Chief Secretary, Federation of Malaya
- In office 1952–1957
- Preceded by: Sir Vincent Del Tufo
- Succeeded by: Abdul Aziz Majid (Chief Secretary to the Government of Malaysia)

Personal details
- Born: 26 February 1907
- Died: 16 January 1977 (aged 69)
- Children: 2 sons and 2 daughters
- Alma mater: Christ Church, Oxford
- Occupation: Colonial administrator and civil servant

= David Watherston =

British colonial administrator (1907-1977)

Sir David Watherston (26 February 1907 – 16 January 1977) was a British colonial administrator who served as Chief Secretary, Federation of Malaya from 1952 to 1957, and played a major role in the creation of Malaysia.

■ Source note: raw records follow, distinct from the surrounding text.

(* Let $A$ be a finite abelian $p$-group written additively, with a decomposition $A=A_1\oplus\dots\oplus A_k$ into nontrivial homocyclic components of pairwise different exponents, and let $H$ be a finite group of order not divisible by $p$. Let $\Lambda:\mathrm{Aut}(A)\to\mathrm{Aut}(A_1/pA_1)\times\dots\times\mathrm{Aut}(A_k/pA_k)$ be the surjective homomorphism sending an automorphism, written as a matrix $(u_{ij})$ with $u_{ij}\in\mathrm{Hom}(A_i,A_j)$ (so that $x=(x_1,\dots,x_k)\mapsto(\sum_i u_{i1}(x_i),\dots,\sum_i u_{ik}(x_i))$), to $(\overline{u_{11}},\dots,\overline{u_{kk}})$ where $\overline{u_{ii}}(x+pA_i)=u_{ii}(x)+pA_i$, and let $\Lambda_i:\mathrm{Aut}(A)\to\mathrm{Aut}(A_i/pA_i)$ be $\Lambda$ followed by projection to the $i$-th factor. Then for representations $\alpha,\beta:H\to\mathrm{Aut}(A)$ we have $\alpha\sim\beta$ if and only if $\alpha\circ\Lambda_i\sim\beta\circ\Lambda_i$ for all $i=1,\dots,k$ (here $\alpha\circ\Lambda_i$ means first $\alpha$, then $\Lambda_i$).
   Context: A representation of $H$ on an abelian group $B$ is a homomorphism $H\to\mathrm{Aut}(B)$. $\mathrm{Aut}(B)$ acts on representations by $\alpha^\psi(h)=\psi^{-1}\alpha(h)\psi$, and $\alpha\sim\beta$ means $\alpha^\psi=\beta$ for some $\psi\in\mathrm{Aut}(B)$. An abelian $p$-group is homocyclic if it is a direct product of cyclic groups of the same order. Maps are composed left to right. *)

theory Defs
  imports "HOL-Algebra.Algebra"
begin

text \<open>Abelian groups are written multiplicatively (HOL-Algebra), so "pA" becomes
  the set of p-th powers and "A_1 (+) ... (+) A_k" an internal direct product.\<close>

definition int_dirprod :: "('a, 'b) monoid_scheme \<Rightarrow> (nat \<Rightarrow> 'a set) \<Rightarrow> nat \<Rightarrow> bool" where
  "int_dirprod G A k \<longleftrightarrow> (\<forall>i<k. subgroup (A i) G) \<and>
     bij_betw (\<lambda>x. finprod G x {..<k}) (PiE {..<k} A) (carrier G)"

definition dp_comp :: "('a, 'b) monoid_scheme \<Rightarrow> (nat \<Rightarrow> 'a set) \<Rightarrow> nat \<Rightarrow> nat \<Rightarrow> 'a \<Rightarrow> 'a" where
  "dp_comp G A k i g = (THE x. x \<in> PiE {..<k} A \<and> finprod G x {..<k} = g) i"

definition grp_exponent :: "('a, 'b) monoid_scheme \<Rightarrow> nat" where
  "grp_exponent G = Lcm (group.ord G ` carrier G)"

definition homocyclic :: "('a, 'b) monoid_scheme \<Rightarrow> 'a set \<Rightarrow> bool" where
  "homocyclic G S \<longleftrightarrow> (\<exists>n C. int_dirprod (G\<lparr>carrier := S\<rparr>) C n \<and>
      (\<forall>j<n. \<exists>g\<in>S. C j = generate G {g}) \<and>
      (\<forall>j<n. \<forall>l<n. card (C j) = card (C l)))"

definition pmult :: "('a, 'b) monoid_scheme \<Rightarrow> nat \<Rightarrow> 'a set \<Rightarrow> 'a set" where
  "pmult G p S = (\<lambda>x. x [^]\<^bsub>G\<^esub> p) ` S"

definition quotp :: "('a, 'b) monoid_scheme \<Rightarrow> nat \<Rightarrow> 'a set \<Rightarrow> 'a set monoid" where
  "quotp G p S = (G\<lparr>carrier := S\<rparr>) Mod (pmult G p S)"

text \<open>Lambda_i: an automorphism phi of G, with diagonal entry u_ii = (i-th component of phi)
  restricted to A i, is sent to the induced map on A i / p A i,
  x + pA_i \<mapsto> u_ii(x) + pA_i.\<close>
definition Lambda_i :: "('a, 'b) monoid_scheme \<Rightarrow> nat \<Rightarrow> (nat \<Rightarrow> 'a set) \<Rightarrow> nat \<Rightarrow> nat
    \<Rightarrow> ('a \<Rightarrow> 'a) \<Rightarrow> ('a set \<Rightarrow> 'a set)" where
  "Lambda_i G p A k i \<phi> = restrict (\<lambda>Y.
      r_coset G (pmult G p (A i)) (dp_comp G A k i (\<phi> (SOME x. x \<in> Y))))
      (carrier (quotp G p (A i)))"

definition rep_equiv :: "('h, 'c) monoid_scheme \<Rightarrow> ('k, 'd) monoid_scheme
    \<Rightarrow> ('h \<Rightarrow> 'k) \<Rightarrow> ('h \<Rightarrow> 'k) \<Rightarrow> bool" where
  "rep_equiv H K \<alpha> \<beta> \<longleftrightarrow> (\<exists>\<psi>\<in>carrier K. \<forall>h\<in>carrier H.
      \<beta> h = inv\<^bsub>K\<^esub> \<psi> \<otimes>\<^bsub>K\<^esub> \<alpha> h \<otimes>\<^bsub>K\<^esub> \<psi>)"

end

(* For i \<noteq> j the components A_i and A_j have different exponents, so every composite
   A_i \<rightarrow> A_j \<rightarrow> A_i of homomorphisms lands in pA_i: whichever of the two maps goes into the
   component of larger exponent produces elements killed by a smaller power of p, and in a
   homocyclic p-group these are p-th powers. Hence modulo pA_i only the diagonal entry of an
   endomorphism matters, so \<Lambda>_i is a homomorphism and \<alpha> ~ \<beta> implies \<Lambda>_i \<circ> \<alpha> ~ \<Lambda>_i \<circ> \<beta>.

   Conversely, let \<psi>_i intertwine \<Lambda>_i \<circ> \<beta> with \<Lambda>_i \<circ> \<alpha>. A homocyclic group of exponent e
   is free over Z/e, so each \<psi>_i lifts to an endomorphism of A_i, and together they give an
   endomorphism S of A lifting every \<psi>_i. The average T = m \<Sum>_h \<alpha>(h) S \<beta>(h)\<inverse>, with
   m |H| \<equiv> 1 (mod p), intertwines \<beta> with \<alpha> and still induces \<psi>_i on every A_i/pA_i.
   Ordering the components by exponent, the reduction of T modulo pA is block triangular with
   invertible diagonal blocks, so T is surjective modulo pA, hence surjective because A is a
   p-group, hence an automorphism. *)

theory Submission
  imports Defs
begin

lemma nat_pow_carrier_update [simp]:
  "x [^]\<^bsub>G\<lparr>carrier := S\<rparr>\<^esub> (n::nat) = x [^]\<^bsub>G\<^esub> n"
  by (simp add: nat_pow_def)

lemma r_coset_carrier_update [simp]: "r_coset (G\<lparr>carrier := S\<rparr>) N x = r_coset G N x"
  by (simp add: r_coset_def)

lemma hom_compose_fun: "f \<in> hom G H \<Longrightarrow> g \<in> hom H K \<Longrightarrow> (\<lambda>x. g (f x)) \<in> hom G K"
  unfolding hom_def by (auto simp: Pi_def)

lemma (in group) endo_hom_inv: "f \<in> hom G G \<Longrightarrow> x \<in> carrier G \<Longrightarrow> f (inv x) = inv (f x)"
  using group_hom.hom_inv[of G G f x] by (simp add: group_hom_def group_hom_axioms_def is_group)

lemma (in comm_group) pow_hom: "(\<lambda>x. x [^] (n::nat)) \<in> hom G G"
  by (rule homI) (simp_all add: pow_mult_distrib m_comm)

lemma (in comm_group) hom_finprod:
  assumes h: "h \<in> hom G K" and K: "comm_group K" and f: "f \<in> I \<rightarrow> carrier G"
  shows "h (finprod G f I) = finprod K (\<lambda>i. h (f i)) I"
proof -
  interpret K: comm_group K by (fact K)
  have h_one: "h \<one> = \<one>\<^bsub>K\<^esub>"
    using hom_one[OF h is_group K.is_group] .
  show ?thesis
    using f
  proof (induct I rule: infinite_finite_induct)
    case (insert a I)
    have "(\<lambda>i. h (f i)) \<in> insert a I \<rightarrow> carrier K"
      using h insert.prems by (auto simp: hom_def)
    with insert h show ?case
      by (simp add: hom_mult)
  qed (simp_all add: h_one)
qed

lemma (in comm_group) finprod_in_subgroup:
  assumes M: "subgroup M G" and f: "f \<in> I \<rightarrow> M"
  shows "finprod G f I \<in> M"
  using f
proof (induct I rule: infinite_finite_induct)
  case (insert a I)
  have "f \<in> I \<rightarrow> carrier G" "f a \<in> carrier G"
    using insert.prems subgroup.subset[OF M] by auto
  with insert show ?case
    by (simp add: subgroup.m_closed[OF M])
qed (simp_all add: subgroup.one_closed[OF M])

lemma (in comm_group) subgroup_comm_group:
  assumes "subgroup S G"
  shows "comm_group (G\<lparr>carrier := S\<rparr>)"
proof -
  have "group (G\<lparr>carrier := S\<rparr>)"
    using subgroup.subgroup_is_group[OF assms is_group] .
  then show ?thesis
    by (rule group.group_comm_groupI) (use m_comm subgroup.subset[OF assms] in auto)
qed

lemma (in group) subgroup_nat_pow_closed:
  assumes "subgroup S G" and "x \<in> S"
  shows "x [^] (n::nat) \<in> S"
  using monoid.nat_pow_closed[OF group.is_monoid[OF subgroup.subgroup_is_group[OF assms(1) is_group]]]
    assms(2) by simp

lemma (in group) rcos_eq_iff:
  assumes H: "subgroup H G" and a: "a \<in> carrier G" and b: "b \<in> carrier G"
  shows "H #> a = H #> b \<longleftrightarrow> a \<otimes> inv b \<in> H"
proof
  assume "H #> a = H #> b"
  then have "a \<in> H #> b"
    using rcos_self[OF a H] by simp
  then show "a \<otimes> inv b \<in> H"
    using subgroup.rcos_module[OF H is_group b a] by simp
next
  assume "a \<otimes> inv b \<in> H"
  then have "a \<in> H #> b"
    using subgroup.rcos_module[OF H is_group b a] by simp
  then show "H #> a = H #> b"
    using repr_independence[OF _ b H] by simp
qed

lemma (in group) ord_in_subgroup:
  assumes S: "subgroup S G" and x: "x \<in> S"
  shows "group.ord (G\<lparr>carrier := S\<rparr>) x = ord x"
proof -
  interpret S: group "G\<lparr>carrier := S\<rparr>"
    using subgroup.subgroup_is_group[OF S is_group] .
  have "S.ord x dvd n \<longleftrightarrow> ord x dvd n" for n
    using S.pow_eq_id[of x n] pow_eq_id[of x n] x subgroup.mem_carrier[OF S x] by simp
  then show ?thesis
    by (meson dvd_antisym dvd_refl)
qed
(* Let $\mathbb{K}\in\{\mathbb{R},\mathbb{C}\}$, $F$ a locally convex topological $\mathbb{K}$-vector space, $E$ a topological $\mathbb{K}$-vector space, $U\subseteq E$ open and $\sigma\in\,]0,1]$. Let $W\subseteq\mathbb{K}$ be an open neighbourhood of $[0,1]$ and $h\colon U\times W\to F$ a $C^{1,\sigma}_{MB}$-map. Suppose that the weak integral $g(x):=\int_0^1h(x,t)\,dt$ exists in $F$ for each $x\in U$ and defines a map $g\colon U\to F$ which is $C^{1,\sigma}_{MB}$. Then the weak integral $\int_0^1 d_1h(x,y,t)\,dt$ exists in $F$ for all $x\in U$ and $y\in E$, and $\int_0^1 d_1h(x,y,t)\,dt=dg(x,y)$, where $d_1h(x,y,t):=d(h(\cdot,t))(x,y)$.
   Context: Vector spaces Hausdorff; usual absolute value on $\mathbb{K}$. Gauge on a topological $\mathbb{K}$-vector space $X$: $q\colon X\to[0,\infty[$ with $q(tx)=|t|q(x)$ and each $\{q<r\}$ a $0$-neighbourhood. A map $\phi$ on a subset $V\subseteq X$ is $C^{0,\sigma}$ if for every $x_0\in V$ and gauge $q$ on the target there exist a gauge $p$ on $X$ and a neighbourhood $V_0$ of $x_0$ in $V$ with $q(\phi(y)-\phi(x))\le p(y-x)^\sigma$ for $x,y\in V_0$. For $\phi$ on an open subset $V$ of $X$: $\phi$ is $C^{1,\sigma}_{MB}$ if $\phi$ is $C^{0,\sigma}$, the directional derivative $d\phi(x,y):=\frac{d}{dt}\big|_{t=0}\phi(x+ty)$ ($t\in\mathbb{K}$) exists for all $x\in V$, $y\in X$, and $d\phi\colon V\times X\to F$ is $C^{0,\sigma}$. Here $U\times W$ is open in $E\times\mathbb{K}$. Weak integral: for continuous $\gamma\colon[0,1]\to F$, $z\in F$ is the weak integral $\int_0^1\gamma(t)\,dt$ if $\lambda(z)=\int_0^1\lambda(\gamma(t))\,dt$ for every continuous linear $\lambda\colon F\to\mathbb{K}$. *)

theory Defs
  imports "HOL-Analysis.Analysis"
begin

text \<open>A complete real normed
 field is (isometrically) R or C, with the usual absolute value given by norm.
 A K-vector space is a type with addition, a topology (Hausdorff by the class t2_space)
 and an explicit scalar multiplication sm.\<close>

definition tvs :: "('k::real_normed_field \<Rightarrow> 'a::{ab_group_add,t2_space} \<Rightarrow> 'a) \<Rightarrow> bool" where
  "tvs sm \<longleftrightarrow>
     (\<forall>a x y. sm a (x + y) = sm a x + sm a y) \<and>
     (\<forall>a b x. sm (a + b) x = sm a x + sm b x) \<and>
     (\<forall>a b x. sm a (sm b x) = sm (a * b) x) \<and>
     (\<forall>x. sm 1 x = x) \<and>
     continuous_on UNIV (\<lambda>p::'a \<times> 'a. fst p + snd p) \<and>
     continuous_on UNIV (\<lambda>p::'k \<times> 'a. sm (fst p) (snd p))"

definition convex_wrt :: "('k::real_normed_field \<Rightarrow> 'a::ab_group_add \<Rightarrow> 'a) \<Rightarrow> 'a set \<Rightarrow> bool" where
  "convex_wrt sm C \<longleftrightarrow>
     (\<forall>x\<in>C. \<forall>y\<in>C. \<forall>t::real\<in>{0..1}. sm (of_real t) x + sm (of_real (1 - t)) y \<in> C)"

definition locally_convex :: "('k::real_normed_field \<Rightarrow> 'a::{ab_group_add,topological_space} \<Rightarrow> 'a) \<Rightarrow> bool" where
  "locally_convex sm \<longleftrightarrow>
     (\<forall>N. open N \<and> 0 \<in> N \<longrightarrow> (\<exists>C. open C \<and> 0 \<in> C \<and> C \<subseteq> N \<and> convex_wrt sm C))"

definition gauge_on :: "('k::real_normed_field \<Rightarrow> 'a::{ab_group_add,topological_space} \<Rightarrow> 'a) \<Rightarrow> ('a \<Rightarrow> real) \<Rightarrow> bool" where
  "gauge_on sm q \<longleftrightarrow>
     (\<forall>x. 0 \<le> q x) \<and> (\<forall>t x. q (sm t x) = norm t * q x) \<and>
     (\<forall>r>0. \<exists>S. open S \<and> 0 \<in> S \<and> S \<subseteq> {x. q x < r})"

definition C0sigma ::
  "('k::real_normed_field \<Rightarrow> 'a::{ab_group_add,topological_space} \<Rightarrow> 'a) \<Rightarrow>
   ('k \<Rightarrow> 'b::{ab_group_add,topological_space} \<Rightarrow> 'b) \<Rightarrow> real \<Rightarrow> 'a set \<Rightarrow> ('a \<Rightarrow> 'b) \<Rightarrow> bool" where
  "C0sigma smX smY \<sigma> V \<phi> \<longleftrightarrow>
     (\<forall>x0\<in>V. \<forall>q. gauge_on smY q \<longrightarrow>
        (\<exists>p N. gauge_on smX p \<and> open N \<and> x0 \<in> N \<and>
           (\<forall>x\<in>N \<inter> V. \<forall>y\<in>N \<inter> V. q (\<phi> y - \<phi> x) \<le> p (y - x) powr \<sigma>)))"

definition has_dir_deriv ::
  "('k::real_normed_field \<Rightarrow> 'a::{ab_group_add,topological_space} \<Rightarrow> 'a) \<Rightarrow>
   ('k \<Rightarrow> 'b::{ab_group_add,topological_space} \<Rightarrow> 'b) \<Rightarrow> ('a \<Rightarrow> 'b) \<Rightarrow> 'a \<Rightarrow> 'a \<Rightarrow> 'b \<Rightarrow> bool" where
  "has_dir_deriv smX smY \<phi> x y v \<longleftrightarrow>
     ((\<lambda>t. smY (inverse t) (\<phi> (x + smX t y) - \<phi> x)) \<longlongrightarrow> v) (at 0)"

definition dd ::
  "('k::real_normed_field \<Rightarrow> 'a::{ab_group_add,topological_space} \<Rightarrow> 'a) \<Rightarrow>
   ('k \<Rightarrow> 'b::{ab_group_add,topological_space} \<Rightarrow> 'b) \<Rightarrow> ('a \<Rightarrow> 'b) \<Rightarrow> 'a \<Rightarrow> 'a \<Rightarrow> 'b" where
  "dd smX smY \<phi> x y = (THE v. has_dir_deriv smX smY \<phi> x y v)"

definition sm_prod :: "('k \<Rightarrow> 'a \<Rightarrow> 'a) \<Rightarrow> ('k \<Rightarrow> 'b \<Rightarrow> 'b) \<Rightarrow> 'k \<Rightarrow> 'a \<times> 'b \<Rightarrow> 'a \<times> 'b" where
  "sm_prod sm1 sm2 t p = (sm1 t (fst p), sm2 t (snd p))"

== Early life and education ==
Watherston was born on 26 February 1907, the son of Charles Watherston. He was educated at Westminster School and Christ Church, Oxford.

== Career ==
Watherston joined the Malayan civil service as a cadet in 1930, and then served in various posts. From 1940 to 1944, he was seconded to the Colonial Office, and then worked in the British Military Administration, Malaya. From 1946 to 1948, he served as Secretary of the Constitutional Working Committee which created the new Federation of Malaya to replace the Malayan Union. In 1948, he was Secretary for Defence and Internal Security of the Federation of Malaya when the Federation was faced with the Malayan Emergency, and was at the centre of the armed conflict against the Malayan Communist Party. In 1952, he was promoted to Chief Secretary, Federation of Malaya and administered the government on several occasions. He served in office until 1957 when Malaya was handed over to the independent elected government under its first prime minister, Tunku Abdul Rahman.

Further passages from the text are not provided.